▶ _EXERCISE REQUIREMENTS_:
Where a line holds the word "over", copy that line from the data below.

▶ _RECORDED INFORMATION_:
..........

(* Let $n\ge 5$. Suppose a group-testing measurement matrix $A$ for $\mathcal{G}^4_n$ distinguishes all binary vectors $x\in\{0,1\}^n$ having at most two ones, meaning that distinct such vectors give distinct outcome vectors. Then $A$ has at least $\lfloor n/4\rfloor$ rows.
   Context: $\mathcal{G}^4_n$ is the graph on $\{1,\dots,n\}$ in which each node $i$ is adjacent to $i\pm1$ and $i\pm2 \pmod n$. A group-testing measurement matrix for a graph $G$ on $\{1,\dots,n\}$ is a matrix $A\in\{0,1\}^{m\times n}$ in which every nonzero row has a support that induces a connected subgraph of $G$. Given $x\in\{0,1\}^n$, the outcome of row $i$ is the Boolean OR $\bigvee_{j:A_{ij}=1}x_j$. *)

theory Defs
  imports Main
begin

(* Vertices of G^4_n are 0..n-1 (representing 1..n, indices mod n). *)
definition G4_adj :: "nat \<Rightarrow> nat \<Rightarrow> nat \<Rightarrow> bool" where
  "G4_adj n i j \<longleftrightarrow> i < n \<and> j < n \<and> i \<noteq> j \<and>
     ((j + n - i) mod n \<in> {1, 2, n - 1, n - 2})"

definition induces_connected :: "nat \<Rightarrow> nat set \<Rightarrow> bool" where
  "induces_connected n S \<longleftrightarrow> S \<noteq> {} \<and>
     (\<forall>u\<in>S. \<forall>v\<in>S. (u, v) \<in> {(a, b). a \<in> S \<and> b \<in> S \<and> G4_adj n a b}\<^sup>*)"

(* A 0/1 matrix with m rows and n columns, given as the list of row supports. *)
definition is_G4_measurement_matrix :: "nat \<Rightarrow> nat set list \<Rightarrow> bool" where
  "is_G4_measurement_matrix n A \<longleftrightarrow>
     (\<forall>R\<in>set A. R \<subseteq> {0..<n} \<and> (R \<noteq> {} \<longrightarrow> induces_connected n R))"

(* A binary vector x is represented by its support X \<subseteq> {0..<n};
   the outcome of row R is the OR of x_j over j in R. *)
definition outcome :: "nat set list \<Rightarrow> nat set \<Rightarrow> bool list" where
  "outcome A X = map (\<lambda>R. \<exists>j\<in>R. j \<in> X) A"

definition distinguishes_le2 :: "nat \<Rightarrow> nat set list \<Rightarrow> bool" where
  "distinguishes_le2 n A \<longleftrightarrow>
     (\<forall>X Y. X \<subseteq> {0..<n} \<longrightarrow> Y \<subseteq> {0..<n} \<longrightarrow> card X \<le> 2 \<longrightarrow> card Y \<le> 2 \<longrightarrow>
        X \<noteq> Y \<longrightarrow> outcome A X \<noteq> outcome A Y)"

end

theory Submission
  imports Defs
begin

(*
  Vertices are 0..n-1 on a cycle; edges join vertices at cyclic distance 1 or 2.
  Call a position t a left end of a row support R if t-1, t are not in R but t+1 is,
  and a right end if t-1 is in R but t, t+1 are not.  A walk of steps of length at
  most 2 can never jump over two consecutive missing vertices, so a connected R
  has at most one left end and at most one right end; its boundary (the set of its
  ends) therefore has at most two elements.

  For every j < n div 2 the tests {2j, 2j+1} and {2j+2, 2j+3} must be told apart
  by some row, and any row that separates them has an end in the block
  {2j+1, 2j+2}.  These n div 2 blocks are pairwise disjoint, so they need
  n div 2 distinct boundary points, while m rows supply at most 2m of them.
  Hence 2m >= n div 2, i.e. m >= n div 4.
*)

definition cyc_succ :: "nat \<Rightarrow> nat \<Rightarrow> nat" where
  "cyc_succ n t = (if Suc t < n then Suc t else 0)"

definition cyc_pred :: "nat \<Rightarrow> nat \<Rightarrow> nat" where
  "cyc_pred n t = (if t = 0 then n - 1 else t - 1)"

definition cyc_dist :: "nat \<Rightarrow> nat \<Rightarrow> nat \<Rightarrow> nat" where
  "cyc_dist n p u = (if p \<le> u then u - p else u + n - p)"

lemma cyc_succ_lt: "t < n \<Longrightarrow> cyc_succ n t < n"
  unfolding cyc_succ_def by auto

lemma cyc_pred_lt: "t < n \<Longrightarrow> cyc_pred n t < n"
  unfolding cyc_pred_def by auto

lemma cyc_succ_pred: "t < n \<Longrightarrow> cyc_succ n (cyc_pred n t) = t"
  unfolding cyc_succ_def cyc_pred_def by auto

lemma cyc_pred_succ: "t < n \<Longrightarrow> cyc_pred n (cyc_succ n t) = t"
  unfolding cyc_succ_def cyc_pred_def by auto

lemma cyc_dist_lt: "p < n \<Longrightarrow> u < n \<Longrightarrow> cyc_dist n p u < n"
  unfolding cyc_dist_def by auto

lemma cyc_dist_self: "cyc_dist n p p = 0"
  unfolding cyc_dist_def by simp

lemma cyc_dist_inj:
  "p < n \<Longrightarrow> u < n \<Longrightarrow> w < n \<Longrightarrow> cyc_dist n p u = cyc_dist n p w \<Longrightarrow> u = w"
  unfolding cyc_dist_def by (auto split: if_splits)

text \<open>Distances add modulo \<open>n\<close>; this transports edge lengths to distances from a base point.\<close>
lemma cyc_dist_add:
  assumes "p < n" "z < n" "w < n"
  shows "cyc_dist n p w = (if cyc_dist n p z + cyc_dist n z w < n
           then cyc_dist n p z + cyc_dist n z w else cyc_dist n p z + cyc_dist n z w - n)"
  using assms unfolding cyc_dist_def by (auto split: if_splits)

lemma cyc_dist_succ:
  "p < n \<Longrightarrow> u < n \<Longrightarrow>
   cyc_dist n p (cyc_succ n u) = (if cyc_dist n p u + 1 < n then cyc_dist n p u + 1 else 0)"
  unfolding cyc_dist_def cyc_succ_def by (auto split: if_splits)

lemma cyc_dist_pred:
  "p < n \<Longrightarrow> u < n \<Longrightarrow>
   cyc_dist n p (cyc_pred n u) = (if cyc_dist n p u = 0 then n - 1 else cyc_dist n p u - 1)"
  unfolding cyc_dist_def cyc_pred_def by (auto split: if_splits)

lemma cyc_dist_from_pred:
  "p < n \<Longrightarrow> u < n \<Longrightarrow>
   cyc_dist n (cyc_pred n p) u = (if cyc_dist n p u + 1 < n then cyc_dist n p u + 1 else 0)"
  unfolding cyc_dist_def cyc_pred_def by (auto split: if_splits)

lemma mod_eq_cyc_dist: "u < n \<Longrightarrow> v < n \<Longrightarrow> (v + n - u) mod n = cyc_dist n u v"
proof (cases "u \<le> v")
  case True
  assume "u < n" "v < n"
  then have "(v + n - u) mod n = (v - u) mod n" using True
    by (metis Nat.add_diff_assoc2 mod_add_self2)
  then show ?thesis using \<open>v < n\<close> True by (simp add: cyc_dist_def)
qed (simp add: cyc_dist_def)

lemma G4_adj_cyc_dist:
  "G4_adj n u v \<Longrightarrow> u < n \<and> v < n \<and> cyc_dist n u v \<in> {1, 2, n - 1, n - 2}"
  unfolding G4_adj_def using mod_eq_cyc_dist by metis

..........

▶ _YOUR SOLUTION_:
   the outcome of row R is the OR of x_j over j in R. *)
  most 2 can never jump over two consecutive missing vertices, so a connected R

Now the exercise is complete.